Weekly Hypothetical: Name your restaurant’s signature dish after an STL athlete

07
May
2012

We’ve often found that on some nights, the only thing that can improve a summer evening in front of the TV watching a Birds game is adding about 20 more TV’s, a few cold ones and a constant temptation to order a plate full of deep fried goodness.

Ah, sports bars sure know how to lure us in.

Besides providing walls of flat screens, ample supply of alcohol and serving a multitude of things acceptable to dip into ranch dressing, one thing that most establishments of this nature have agreed on is that menu items sell better with puntastic names.

This trend was one that we felt needed to be explored in this week’s Weekly Hypothetical.

Without further ado, let’s get jiggy with it.

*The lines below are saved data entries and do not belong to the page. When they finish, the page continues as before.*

lemma weighted_row_sum_upper:
  assumes e: "e > 0"
  shows "weight e m * row_sum e My m
    \<le> (\<zeta> * \<Psi> / (3 * pi) + \<zeta> * e / (2 * pi)) * col_cell e m"
proof -
  have "row_sum e My m \<le> 4 / (3 * (offset e m)\<^sup>2) + 2 * (e / sqrt (offset e m) ^ 5)"
    using riemann_sum_inv_dist_pow_upper[OF offset_pos antideriv5_deriv[OF offset_pos]
        abs_antideriv5_le[OF offset_pos] e] by simp
  then have "weight e m * row_sum e My m
      \<le> weight e m * (4 / (3 * (offset e m)\<^sup>2) + 2 * (e / sqrt (offset e m) ^ 5))"
    using weight_nonneg[of e m] e by (intro mult_left_mono) simp_all
  also have "\<dots> = weight e m * (4 / (3 * (offset e m)\<^sup>2))
      + 2 * (weight e m * (e / sqrt (offset e m) ^ 5))"
    by (simp only: distrib_left mult.left_commute)
  also have "\<dots> \<le> \<zeta> * \<Psi> / (3 * pi) * col_cell e m + 2 * (\<zeta> * e / (4 * pi) * col_cell e m)"
    unfolding weight_main_term using weight_error_term[of e m] e by simp
  also have "\<dots> = (\<zeta> * \<Psi> / (3 * pi) + \<zeta> * e / (2 * pi)) * col_cell e m"
    by (simp add: field_simps)
  finally show ?thesis .
qed

lemma gain_upper:
  assumes e: "e > 0"
  shows "gain e My Mz \<le> gain_upper_bound e"
proof -
  have "gain e My Mz \<le> (\<Sum>m\<in>{- int Mz..int Mz}.
      (\<zeta> * \<Psi> / (3 * pi) + \<zeta> * e / (2 * pi)) * col_cell e m)"
    unfolding gain_by_columns by (intro sum_mono weighted_row_sum_upper e)
  also have "\<dots> = (\<zeta> * \<Psi> / (3 * pi) + \<zeta> * e / (2 * pi)) * col_sum e Mz"
    by (simp add: sum_distrib_left)
  also have "\<dots> \<le> gain_upper_bound e"
    using e Psi_pos zeta_pos by (intro mult_left_mono col_sum_upper) simp_all
  finally show ?thesis .
qed

lemma gain_mono:
  assumes "e \<ge> 0" "K \<le> Mz"
  shows "gain e My K \<le> gain e My Mz"
  unfolding gain_def
proof (intro sum_mono sum_mono2)
  show "{- int K..int K} \<subseteq> {- int Mz..int Mz}" using assms(2) by auto
  show "0 \<le> weight e m * (e * inv_dist_pow 5 (offset e m) (of_int n * e - \<Phi>))" for n m
    using assms(1) weight_nonneg inv_dist_pow_nonneg[OF offset_pos] by simp
qed simp

lemma weighted_row_sum_lower:
  assumes e: "e > 0"
  shows "weight e m * row_span e My m - \<zeta> * e / (4 * pi) * col_cell e m
    \<le> weight e m * row_sum e My m"
proof -
  have "row_span e My m - e / sqrt (offset e m) ^ 5 \<le> row_sum e My m"
    by (rule riemann_sum_inv_dist_pow_lower[OF offset_pos antideriv5_deriv[OF offset_pos] e])
  then have "weight e m * (row_span e My m - e / sqrt (offset e m) ^ 5)
    \<le> weight e m * row_sum e My m"
    by (rule mult_left_mono) (use weight_nonneg e in simp)
  then show ?thesis using weight_error_term[of e m] e unfolding right_diff_distrib by linarith
qed

text \<open>Truncating the sum over m to |m| \<le> K lets the limit My \<rightarrow> \<infinity> be taken term by term.\<close>

definition truncated_span :: "real \<Rightarrow> nat \<Rightarrow> nat \<Rightarrow> real" where
  "truncated_span e K My = (\<Sum>m\<in>{- int K..int K}. weight e m * row_span e My m)"

lemma truncated_span_le_gain:
  assumes e: "e > 0"
  shows "truncated_span e K My - \<zeta> * e / (4 * pi) * (pi / \<Psi> + 2 * e / \<Psi>\<^sup>2) \<le> gain e My K"
proof -
  have "(\<Sum>m\<in>{- int K..int K}. weight e m * row_span e My m - \<zeta> * e / (4 * pi) * col_cell e m)
      \<le> gain e My K"
    unfolding gain_by_columns by (intro sum_mono weighted_row_sum_lower e)
  moreover have "\<zeta> * e / (4 * pi) * col_sum e K
      \<le> \<zeta> * e / (4 * pi) * (pi / \<Psi> + 2 * e / \<Psi>\<^sup>2)"
    using e zeta_pos by (intro mult_left_mono col_sum_upper) simp_all
  ultimately show ?thesis
    unfolding truncated_span_def by (simp add: sum_subtractf sum_distrib_left)
qed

Aside from dabbling in baseball fanaticism, you’re also a restaurant tycoon preparing for the grand opening of your newest sports establishment. Like most sports-themed eateries, the key to your success is loading your menu with items cleverly named after players from the local teams.

What will be the name of your signature dish?”

We’ll read the best answers on Episode Seven of The JoeSportsFan Show.  You can participate one of three ways.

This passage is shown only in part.